WHAT IS REQUIRED: The listing below holds a line with "(* For any integers" and a line with "then (\<Sum>j<N L.". Reproduce those two lines exactly, plus everything between them.

──────

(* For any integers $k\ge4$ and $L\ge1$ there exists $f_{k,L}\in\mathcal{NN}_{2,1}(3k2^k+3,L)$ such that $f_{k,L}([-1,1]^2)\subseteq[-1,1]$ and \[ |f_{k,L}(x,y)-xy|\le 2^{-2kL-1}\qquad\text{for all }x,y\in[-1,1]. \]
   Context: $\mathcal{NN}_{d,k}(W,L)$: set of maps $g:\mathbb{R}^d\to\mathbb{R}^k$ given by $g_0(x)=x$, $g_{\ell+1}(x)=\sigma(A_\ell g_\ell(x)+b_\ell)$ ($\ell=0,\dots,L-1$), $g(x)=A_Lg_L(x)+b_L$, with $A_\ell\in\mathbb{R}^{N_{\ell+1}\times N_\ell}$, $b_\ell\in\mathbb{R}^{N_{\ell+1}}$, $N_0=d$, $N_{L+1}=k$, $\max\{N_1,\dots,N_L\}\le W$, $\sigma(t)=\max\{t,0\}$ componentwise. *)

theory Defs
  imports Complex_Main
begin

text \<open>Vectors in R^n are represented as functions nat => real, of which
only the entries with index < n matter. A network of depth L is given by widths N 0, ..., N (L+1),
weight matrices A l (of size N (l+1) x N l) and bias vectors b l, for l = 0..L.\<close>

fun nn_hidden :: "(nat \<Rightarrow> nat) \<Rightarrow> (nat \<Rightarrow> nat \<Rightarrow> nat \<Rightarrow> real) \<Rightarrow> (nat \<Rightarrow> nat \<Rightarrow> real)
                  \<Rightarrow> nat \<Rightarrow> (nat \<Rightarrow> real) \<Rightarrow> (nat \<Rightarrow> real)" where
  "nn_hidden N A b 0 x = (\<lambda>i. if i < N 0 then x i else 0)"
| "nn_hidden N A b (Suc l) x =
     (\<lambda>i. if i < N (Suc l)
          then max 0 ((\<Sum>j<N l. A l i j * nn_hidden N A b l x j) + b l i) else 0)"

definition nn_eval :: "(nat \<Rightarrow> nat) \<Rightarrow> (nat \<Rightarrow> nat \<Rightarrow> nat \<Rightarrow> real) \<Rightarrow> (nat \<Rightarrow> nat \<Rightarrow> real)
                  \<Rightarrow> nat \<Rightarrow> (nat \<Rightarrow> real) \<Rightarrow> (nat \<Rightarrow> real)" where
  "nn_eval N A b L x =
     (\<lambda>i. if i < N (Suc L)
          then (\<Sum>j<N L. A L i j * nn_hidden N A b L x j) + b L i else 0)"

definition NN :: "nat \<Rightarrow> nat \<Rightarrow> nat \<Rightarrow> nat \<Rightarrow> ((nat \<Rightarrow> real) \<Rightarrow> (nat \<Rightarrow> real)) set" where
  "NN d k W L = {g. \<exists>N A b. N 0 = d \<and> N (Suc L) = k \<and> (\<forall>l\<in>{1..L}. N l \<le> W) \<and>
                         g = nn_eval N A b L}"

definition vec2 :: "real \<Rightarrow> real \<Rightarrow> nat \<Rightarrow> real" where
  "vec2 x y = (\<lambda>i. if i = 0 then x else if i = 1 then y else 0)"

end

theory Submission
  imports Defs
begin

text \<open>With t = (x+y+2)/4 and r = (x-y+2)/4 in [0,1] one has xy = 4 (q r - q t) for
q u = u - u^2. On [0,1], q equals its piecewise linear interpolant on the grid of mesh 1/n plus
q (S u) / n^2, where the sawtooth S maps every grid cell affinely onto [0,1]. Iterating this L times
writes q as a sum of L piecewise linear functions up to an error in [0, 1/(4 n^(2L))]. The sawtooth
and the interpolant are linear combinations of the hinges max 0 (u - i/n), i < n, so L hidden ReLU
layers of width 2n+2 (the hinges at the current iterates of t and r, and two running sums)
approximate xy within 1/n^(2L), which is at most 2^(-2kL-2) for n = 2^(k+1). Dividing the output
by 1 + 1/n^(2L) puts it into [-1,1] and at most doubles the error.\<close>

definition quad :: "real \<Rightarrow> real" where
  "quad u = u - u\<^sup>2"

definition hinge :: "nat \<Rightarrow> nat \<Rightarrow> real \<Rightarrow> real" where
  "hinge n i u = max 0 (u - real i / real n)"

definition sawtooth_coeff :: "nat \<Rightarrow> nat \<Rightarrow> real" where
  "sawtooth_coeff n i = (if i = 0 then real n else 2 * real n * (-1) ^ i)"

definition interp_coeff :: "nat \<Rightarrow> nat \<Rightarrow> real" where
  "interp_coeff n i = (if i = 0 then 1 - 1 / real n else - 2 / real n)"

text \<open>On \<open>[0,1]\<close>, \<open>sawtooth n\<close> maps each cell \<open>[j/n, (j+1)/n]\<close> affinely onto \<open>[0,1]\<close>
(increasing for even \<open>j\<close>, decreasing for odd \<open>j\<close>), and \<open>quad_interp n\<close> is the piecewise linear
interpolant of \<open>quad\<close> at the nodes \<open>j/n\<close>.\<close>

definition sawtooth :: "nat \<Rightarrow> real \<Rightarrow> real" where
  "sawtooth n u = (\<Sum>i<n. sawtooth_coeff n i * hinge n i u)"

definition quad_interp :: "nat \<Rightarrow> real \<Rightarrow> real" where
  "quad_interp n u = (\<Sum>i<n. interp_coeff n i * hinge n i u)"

──────

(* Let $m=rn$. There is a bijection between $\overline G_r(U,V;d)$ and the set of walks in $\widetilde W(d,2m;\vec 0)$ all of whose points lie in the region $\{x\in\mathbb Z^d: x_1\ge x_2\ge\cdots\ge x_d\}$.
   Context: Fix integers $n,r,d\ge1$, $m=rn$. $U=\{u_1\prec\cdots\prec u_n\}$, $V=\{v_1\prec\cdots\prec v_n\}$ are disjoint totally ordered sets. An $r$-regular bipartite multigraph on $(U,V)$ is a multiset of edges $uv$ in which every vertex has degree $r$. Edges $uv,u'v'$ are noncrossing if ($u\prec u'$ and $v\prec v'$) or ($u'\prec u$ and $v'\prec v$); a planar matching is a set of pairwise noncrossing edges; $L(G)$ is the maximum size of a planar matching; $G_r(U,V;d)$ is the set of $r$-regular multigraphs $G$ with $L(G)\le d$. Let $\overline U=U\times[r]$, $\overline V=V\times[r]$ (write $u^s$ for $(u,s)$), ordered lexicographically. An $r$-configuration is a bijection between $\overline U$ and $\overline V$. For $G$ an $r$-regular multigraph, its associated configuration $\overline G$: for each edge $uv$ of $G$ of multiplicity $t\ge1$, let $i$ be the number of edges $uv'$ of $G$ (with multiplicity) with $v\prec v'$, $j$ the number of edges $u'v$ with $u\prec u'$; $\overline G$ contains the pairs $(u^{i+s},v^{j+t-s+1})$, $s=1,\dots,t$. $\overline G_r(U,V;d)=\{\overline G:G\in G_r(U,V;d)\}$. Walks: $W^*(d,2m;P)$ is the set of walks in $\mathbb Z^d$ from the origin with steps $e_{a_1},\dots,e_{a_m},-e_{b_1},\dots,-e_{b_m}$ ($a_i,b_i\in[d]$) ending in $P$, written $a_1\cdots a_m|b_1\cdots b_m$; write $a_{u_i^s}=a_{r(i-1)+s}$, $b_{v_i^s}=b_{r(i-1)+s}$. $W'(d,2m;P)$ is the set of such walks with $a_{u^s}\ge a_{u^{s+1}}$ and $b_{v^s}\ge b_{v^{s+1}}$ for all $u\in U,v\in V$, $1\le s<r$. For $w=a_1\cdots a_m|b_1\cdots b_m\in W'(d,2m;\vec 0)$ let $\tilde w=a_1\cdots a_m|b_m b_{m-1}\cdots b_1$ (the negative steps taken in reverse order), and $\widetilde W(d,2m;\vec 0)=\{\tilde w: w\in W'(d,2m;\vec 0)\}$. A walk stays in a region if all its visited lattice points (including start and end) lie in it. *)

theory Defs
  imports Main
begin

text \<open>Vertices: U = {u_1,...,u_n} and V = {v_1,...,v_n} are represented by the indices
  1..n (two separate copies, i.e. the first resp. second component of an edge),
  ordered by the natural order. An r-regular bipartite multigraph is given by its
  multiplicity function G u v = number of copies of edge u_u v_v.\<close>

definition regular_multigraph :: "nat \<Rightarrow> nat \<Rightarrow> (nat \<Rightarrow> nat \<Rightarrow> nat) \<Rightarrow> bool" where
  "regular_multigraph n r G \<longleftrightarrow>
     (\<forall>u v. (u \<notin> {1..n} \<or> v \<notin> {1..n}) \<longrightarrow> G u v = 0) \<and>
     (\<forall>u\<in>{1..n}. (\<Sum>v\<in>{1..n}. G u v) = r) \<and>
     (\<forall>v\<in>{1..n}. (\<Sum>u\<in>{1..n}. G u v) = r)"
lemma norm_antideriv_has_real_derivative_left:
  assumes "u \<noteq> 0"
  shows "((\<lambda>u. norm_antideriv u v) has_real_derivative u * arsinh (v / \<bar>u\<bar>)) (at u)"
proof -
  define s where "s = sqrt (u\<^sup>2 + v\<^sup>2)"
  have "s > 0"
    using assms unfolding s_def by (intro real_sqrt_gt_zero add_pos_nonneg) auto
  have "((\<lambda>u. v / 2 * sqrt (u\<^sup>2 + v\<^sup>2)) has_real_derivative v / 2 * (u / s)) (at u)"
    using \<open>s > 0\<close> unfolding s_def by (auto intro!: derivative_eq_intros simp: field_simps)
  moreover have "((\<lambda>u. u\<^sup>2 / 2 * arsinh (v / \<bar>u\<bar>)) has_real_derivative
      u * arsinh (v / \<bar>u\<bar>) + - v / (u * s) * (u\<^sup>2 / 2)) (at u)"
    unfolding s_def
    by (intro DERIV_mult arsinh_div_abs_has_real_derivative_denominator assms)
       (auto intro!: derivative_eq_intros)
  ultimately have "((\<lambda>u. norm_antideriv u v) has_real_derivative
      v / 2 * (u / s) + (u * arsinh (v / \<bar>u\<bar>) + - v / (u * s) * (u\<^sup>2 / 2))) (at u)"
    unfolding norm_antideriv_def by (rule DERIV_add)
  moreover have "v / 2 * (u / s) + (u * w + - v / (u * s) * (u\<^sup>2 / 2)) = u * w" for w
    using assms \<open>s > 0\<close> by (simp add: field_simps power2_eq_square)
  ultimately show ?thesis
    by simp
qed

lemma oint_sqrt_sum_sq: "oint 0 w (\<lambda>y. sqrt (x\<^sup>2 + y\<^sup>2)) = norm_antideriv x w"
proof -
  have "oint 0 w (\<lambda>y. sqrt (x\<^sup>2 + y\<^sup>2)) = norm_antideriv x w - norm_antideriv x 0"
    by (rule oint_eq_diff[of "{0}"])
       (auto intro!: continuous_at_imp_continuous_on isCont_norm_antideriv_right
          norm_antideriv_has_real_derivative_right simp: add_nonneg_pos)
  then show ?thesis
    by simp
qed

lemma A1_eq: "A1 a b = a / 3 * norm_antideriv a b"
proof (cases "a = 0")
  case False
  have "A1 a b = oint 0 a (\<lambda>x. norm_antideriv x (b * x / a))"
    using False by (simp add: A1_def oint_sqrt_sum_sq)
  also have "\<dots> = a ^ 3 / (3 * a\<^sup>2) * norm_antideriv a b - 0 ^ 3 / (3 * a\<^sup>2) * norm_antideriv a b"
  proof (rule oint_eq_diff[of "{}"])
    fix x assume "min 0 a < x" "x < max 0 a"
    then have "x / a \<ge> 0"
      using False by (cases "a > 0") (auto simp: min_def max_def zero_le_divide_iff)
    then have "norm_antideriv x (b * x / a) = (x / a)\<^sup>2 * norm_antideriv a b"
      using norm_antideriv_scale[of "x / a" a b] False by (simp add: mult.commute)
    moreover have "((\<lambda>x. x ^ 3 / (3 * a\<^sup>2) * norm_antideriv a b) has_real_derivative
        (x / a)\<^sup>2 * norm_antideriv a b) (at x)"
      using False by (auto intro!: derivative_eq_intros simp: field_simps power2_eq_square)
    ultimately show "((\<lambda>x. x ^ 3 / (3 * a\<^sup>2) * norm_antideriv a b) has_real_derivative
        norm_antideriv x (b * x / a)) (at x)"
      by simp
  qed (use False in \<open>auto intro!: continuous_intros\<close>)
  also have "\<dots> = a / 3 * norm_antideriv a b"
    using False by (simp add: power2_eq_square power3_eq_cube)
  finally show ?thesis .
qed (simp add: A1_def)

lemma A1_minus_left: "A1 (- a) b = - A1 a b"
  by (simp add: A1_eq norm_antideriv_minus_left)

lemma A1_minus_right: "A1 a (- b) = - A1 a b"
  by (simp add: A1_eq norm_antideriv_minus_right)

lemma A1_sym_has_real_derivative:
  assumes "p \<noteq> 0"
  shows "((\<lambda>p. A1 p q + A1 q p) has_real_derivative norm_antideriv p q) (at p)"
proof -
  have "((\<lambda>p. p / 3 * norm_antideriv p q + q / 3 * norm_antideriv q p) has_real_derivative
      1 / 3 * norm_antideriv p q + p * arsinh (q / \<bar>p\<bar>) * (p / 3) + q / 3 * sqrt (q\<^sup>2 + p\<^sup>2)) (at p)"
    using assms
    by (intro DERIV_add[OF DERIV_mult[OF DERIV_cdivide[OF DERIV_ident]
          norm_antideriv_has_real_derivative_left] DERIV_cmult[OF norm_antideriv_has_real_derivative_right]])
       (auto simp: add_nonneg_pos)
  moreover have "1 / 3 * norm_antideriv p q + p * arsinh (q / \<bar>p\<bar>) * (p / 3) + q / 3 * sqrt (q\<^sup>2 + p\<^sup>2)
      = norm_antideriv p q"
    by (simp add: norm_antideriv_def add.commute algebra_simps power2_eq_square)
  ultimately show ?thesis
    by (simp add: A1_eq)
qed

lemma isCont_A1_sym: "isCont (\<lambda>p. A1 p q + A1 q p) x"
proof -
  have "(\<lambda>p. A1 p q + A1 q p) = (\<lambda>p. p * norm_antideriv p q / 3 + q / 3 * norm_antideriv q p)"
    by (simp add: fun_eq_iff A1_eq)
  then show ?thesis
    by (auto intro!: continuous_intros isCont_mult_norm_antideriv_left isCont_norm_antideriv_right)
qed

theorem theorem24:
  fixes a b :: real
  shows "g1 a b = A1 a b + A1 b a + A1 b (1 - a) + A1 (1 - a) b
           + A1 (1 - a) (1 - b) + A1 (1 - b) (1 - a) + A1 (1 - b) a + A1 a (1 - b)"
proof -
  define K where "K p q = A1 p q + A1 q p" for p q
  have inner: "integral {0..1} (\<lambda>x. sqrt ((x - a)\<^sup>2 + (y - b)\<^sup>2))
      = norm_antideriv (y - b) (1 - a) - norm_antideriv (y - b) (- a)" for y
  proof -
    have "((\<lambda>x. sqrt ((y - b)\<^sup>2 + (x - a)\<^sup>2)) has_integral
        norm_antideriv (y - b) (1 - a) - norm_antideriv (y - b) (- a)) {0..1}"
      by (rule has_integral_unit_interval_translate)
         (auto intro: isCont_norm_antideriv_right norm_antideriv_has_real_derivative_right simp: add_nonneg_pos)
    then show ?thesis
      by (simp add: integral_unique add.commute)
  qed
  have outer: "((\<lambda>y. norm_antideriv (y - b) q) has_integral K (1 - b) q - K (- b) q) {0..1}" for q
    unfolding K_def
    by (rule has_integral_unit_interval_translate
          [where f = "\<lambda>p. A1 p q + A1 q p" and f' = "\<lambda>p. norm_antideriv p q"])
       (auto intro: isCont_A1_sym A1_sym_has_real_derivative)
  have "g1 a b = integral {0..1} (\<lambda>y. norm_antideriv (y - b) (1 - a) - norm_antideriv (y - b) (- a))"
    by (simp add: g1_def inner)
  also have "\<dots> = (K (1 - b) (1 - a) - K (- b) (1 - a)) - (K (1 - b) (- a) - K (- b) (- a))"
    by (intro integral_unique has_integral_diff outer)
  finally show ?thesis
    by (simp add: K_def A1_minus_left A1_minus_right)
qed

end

──────

WRITTEN SOLUTION:
(* For any integers $k\ge4$ and $L\ge1$ there exists $f_{k,L}\in\mathcal{NN}_{2,1}(3k2^k+3,L)$ such that $f_{k,L}([-1,1]^2)\subseteq[-1,1]$ and \[ |f_{k,L}(x,y)-xy|\le 2^{-2kL-1}\qquad\text{for all }x,y\in[-1,1]. \]
   Context: $\mathcal{NN}_{d,k}(W,L)$: set of maps $g:\mathbb{R}^d\to\mathbb{R}^k$ given by $g_0(x)=x$, $g_{\ell+1}(x)=\sigma(A_\ell g_\ell(x)+b_\ell)$ ($\ell=0,\dots,L-1$), $g(x)=A_Lg_L(x)+b_L$, with $A_\ell\in\mathbb{R}^{N_{\ell+1}\times N_\ell}$, $b_\ell\in\mathbb{R}^{N_{\ell+1}}$, $N_0=d$, $N_{L+1}=k$, $\max\{N_1,\dots,N_L\}\le W$, $\sigma(t)=\max\{t,0\}$ componentwise. *)

theory Defs
  imports Complex_Main
begin

text \<open>Vectors in R^n are represented as functions nat => real, of which
only the entries with index < n matter. A network of depth L is given by widths N 0, ..., N (L+1),
weight matrices A l (of size N (l+1) x N l) and bias vectors b l, for l = 0..L.\<close>

fun nn_hidden :: "(nat \<Rightarrow> nat) \<Rightarrow> (nat \<Rightarrow> nat \<Rightarrow> nat \<Rightarrow> real) \<Rightarrow> (nat \<Rightarrow> nat \<Rightarrow> real)
                  \<Rightarrow> nat \<Rightarrow> (nat \<Rightarrow> real) \<Rightarrow> (nat \<Rightarrow> real)" where
  "nn_hidden N A b 0 x = (\<lambda>i. if i < N 0 then x i else 0)"
| "nn_hidden N A b (Suc l) x =
     (\<lambda>i. if i < N (Suc l)
          then max 0 ((\<Sum>j<N l. A l i j * nn_hidden N A b l x j) + b l i) else 0)"

definition nn_eval :: "(nat \<Rightarrow> nat) \<Rightarrow> (nat \<Rightarrow> nat \<Rightarrow> nat \<Rightarrow> real) \<Rightarrow> (nat \<Rightarrow> nat \<Rightarrow> real)
                  \<Rightarrow> nat \<Rightarrow> (nat \<Rightarrow> real) \<Rightarrow> (nat \<Rightarrow> real)" where
  "nn_eval N A b L x =
     (\<lambda>i. if i < N (Suc L)
          then (\<Sum>j<N L. A L i j * nn_hidden N A b L x j) + b L i else 0)"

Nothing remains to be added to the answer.